Whenever a line in the data holds the string "close", copy that line.

BEGIN PROVIDED MATERIAL

(* Let $\pi_\cap:\mathcal{Y}_{Q(\mathbf{e}_d)}(\mathbb{R})\to\mathcal{X}_{Q(\mathbf{e}_d)}(\mathbb{R})$ be $\pi_\cap(L,P,\mathbf{v})=(L\cap P,\mathbf{v})$. Then $(\pi_\cap)_*\mu_{\mathcal{Y}}=\mu_{\mathcal{X}}$.
   Context: $d\ge4$, $Q(\mathbf{x})=\mathbf{x}^tM\mathbf{x}$ with $M\in M_d(\mathbb{Z})$ symmetric, $\det M\ne0$, $Q(\mathbf{e}_d)>0$, $\{h\in\mathrm{SO}_Q(\mathbb{R}):h\mathbf{e}_d=\mathbf{e}_d\}$ compact, $\mathrm{SO}_Q(R)=\{h\in\mathrm{SL}_d(R):h^tMh=M\}$. $\theta(g)=(g^t)^{-1}$, $\tau(g)=\theta(g)\mathbf{e}_d$, $\mathcal{H}_s(\mathbb{R})=\{Q=s\}$. $\mathrm{ASL}_{d-1}$: matrices $\begin{pmatrix}m&\mathbf{w}\\ \mathbf{0}&1\end{pmatrix}$, $m\in\mathrm{SL}_{d-1}$; $U=\{\begin{pmatrix}I_{d-1}&\mathbf{w}\\ \mathbf{0}&1\end{pmatrix}\}$. $\mathcal{Y}(\mathbb{R})$: triples $(L,P,\mathbf{v})$, $L$ unimodular lattice in $\mathbb{R}^d$, $P$ hyperplane with $L\cap P$ a lattice in $P$, $\mathbf{v}\perp P$, $\|\mathbf{v}\|$ equal to the covolume of $L\cap P$ in $P$; identified with $\mathrm{SL}_d(\mathbb{R})/\mathrm{ASL}_{d-1}(\mathbb{Z})$ via $g\mapsto(g\mathbb{Z}^d,\mathrm{Span}\{g\mathbf{e}_1,..,g\mathbf{e}_{d-1}\},\tau(g))$. $\mathcal{X}(\mathbb{R})$: pairs $(\Lambda,\mathbf{v})$, $\Lambda$ rank $d-1$ discrete subgroup, $\mathbf{v}\perp\Lambda$, $\|\mathbf{v}\|=\mathrm{covol}(\Lambda)$; identified with $\mathrm{SL}_d(\mathbb{R})/\mathrm{ASL}_{d-1}(\mathbb{Z})U$ via $g\mapsto(\mathrm{Span}_\mathbb{Z}\{g\mathbf{e}_1,..,g\mathbf{e}_{d-1}\},\tau(g))$. $\mathcal{Y}_s(\mathbb{R}),\mathcal{X}_s(\mathbb{R})$ are the subsets with $Q(\mathbf{v})=s$. Measures: $m_{\mathrm{SO}_Q(\mathbb{R})}$ Haar with $\int\varphi=\int_{\mathrm{SO}_Q(\mathbb{R})/\mathrm{SO}_Q(\mathbb{Z})}\sum_\gamma\varphi(x\gamma)d\mu$ ($\mu$ invariant probability), $\mu_{\mathcal{H}}$ its pushforward to $\mathcal{H}_{Q(\mathbf{e}_d)}(\mathbb{R})$ under $\rho\mapsto\rho^{-1}\mathbf{e}_d$; $m_{Y_{d-1}}$ the invariant probability on $\mathrm{ASL}_{d-1}(\mathbb{R})/\mathrm{ASL}_{d-1}(\mathbb{Z})$, $m_{X_{d-1}}$ its pushforward to $\mathrm{ASL}_{d-1}(\mathbb{R})/\mathrm{ASL}_{d-1}(\mathbb{Z})U$; with $g_{\mathbf{v}}\in\mathrm{SL}_d(\mathbb{R})$ any matrix satisfying $\tau(g_{\mathbf{v}})=\mathbf{v}$, $\mu_{\mathcal{Y}}(f)=\int\int f(g_{\mathbf{v}}x)\,dm_{Y_{d-1}}(x)\,d\mu_{\mathcal{H}}(\mathbf{v})$ and $\mu_{\mathcal{X}}(f)=\int\int f(g_{\mathbf{v}}x)\,dm_{X_{d-1}}(x)\,d\mu_{\mathcal{H}}(\mathbf{v})$ (in the coset identifications). *)

theory Defs
  imports "HOL-Analysis.Analysis" "HOL-Probability.Probability_Measure"
begin

text \<open>Vectors in R^d are (real, 'd) vec, matrices ((real, 'd) vec, 'd) vec; the index type is linearly
ordered and its largest element plays the role of the last coordinate d.\<close>


definition lastI :: "('d::{finite,linorder})" where
  "lastI = Max UNIV"

definition ed :: "(real, 'd::{finite,linorder}) vec" where
  "ed = axis lastI 1"

definition QF :: "((real, 'd::finite) vec, 'd) vec \<Rightarrow> (real, 'd) vec \<Rightarrow> real" where
  "QF M x = x \<bullet> (M *v x)"

definition int_mat :: "((real, 'd::finite) vec, 'd) vec \<Rightarrow> bool" where
  "int_mat g \<longleftrightarrow> (\<forall>i j. g$i$j \<in> \<int>)"

definition SLd :: "(((real, 'd::finite) vec, 'd) vec) set" where
  "SLd = {g. det g = 1}"

definition SO_R :: "((real, 'd::finite) vec, 'd) vec \<Rightarrow> (((real, 'd) vec, 'd) vec) set" where
  "SO_R M = {h. det h = 1 \<and> transpose h ** M ** h = M}"

definition SO_Z :: "((real, 'd::finite) vec, 'd) vec \<Rightarrow> (((real, 'd) vec, 'd) vec) set" where
  "SO_Z M = {h \<in> SO_R M. int_mat h}"

definition theta :: "((real, 'd::finite) vec, 'd) vec \<Rightarrow> ((real, 'd) vec, 'd) vec" where
  "theta g = transpose (matrix_inv g)"

definition tau :: "((real, 'd::{finite,linorder}) vec, 'd) vec \<Rightarrow> (real, 'd) vec" where
  "tau g = theta g *v ed"

text \<open>ASL_{d-1}(R), ASL_{d-1}(Z) and U, embedded in SL_d.\<close>
definition ASL_R :: "(((real, 'd::{finite,linorder}) vec, 'd) vec) set" where
  "ASL_R = {g. det g = 1 \<and> (\<forall>j. g$lastI$j = (if j = lastI then 1 else 0))}"

definition ASL_Z :: "(((real, 'd::{finite,linorder}) vec, 'd) vec) set" where
  "ASL_Z = {g \<in> ASL_R. int_mat g}"

definition U_grp :: "(((real, 'd::{finite,linorder}) vec, 'd) vec) set" where
  "U_grp = {g \<in> ASL_R. \<forall>i j. i \<noteq> lastI \<and> j \<noteq> lastI \<longrightarrow> g$i$j = (if i = j then 1 else 0)}"

definition lmul :: "((real, 'd::finite) vec, 'd) vec \<Rightarrow> (((real, 'd) vec, 'd) vec) set \<Rightarrow> (((real, 'd) vec, 'd) vec) set" where
  "lmul g C = (\<lambda>y. g ** y) ` C"

definition setmul :: "(((real, 'd::finite) vec, 'd) vec) set \<Rightarrow> (((real, 'd) vec, 'd) vec) set \<Rightarrow> (((real, 'd) vec, 'd) vec) set" where
  "setmul A B = {a ** b | a b. a \<in> A \<and> b \<in> B}"

definition quot :: "(((real, 'd::finite) vec, 'd) vec) set \<Rightarrow> (((real, 'd) vec, 'd) vec) set \<Rightarrow> (((real, 'd) vec, 'd) vec) set set" where
  "quot G H = {lmul g H | g. g \<in> G}"

text \<open>Quotient measurable structure on G/H: a set of cosets is measurable iff its
preimage under the projection G \<rightarrow> G/H (i.e. its union) is Borel.\<close>
definition quot_measure :: "(((real, 'd::finite) vec, 'd) vec) set \<Rightarrow> (((real, 'd) vec, 'd) vec) set \<Rightarrow> (((real, 'd) vec, 'd) vec) set measure" where
  "quot_measure G H = sigma (quot G H) {A. A \<subseteq> quot G H \<and> \<Union>A \<in> sets borel}"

END PROVIDED MATERIAL

EXERCISE OUTPUT >>
ordered and its largest element plays the role of the last coordinate d.\<close>
text \<open>ASL_{d-1}(R), ASL_{d-1}(Z) and U, embedded in SL_d.\<close>
preimage under the projection G \<rightarrow> G/H (i.e. its union) is Borel.\<close>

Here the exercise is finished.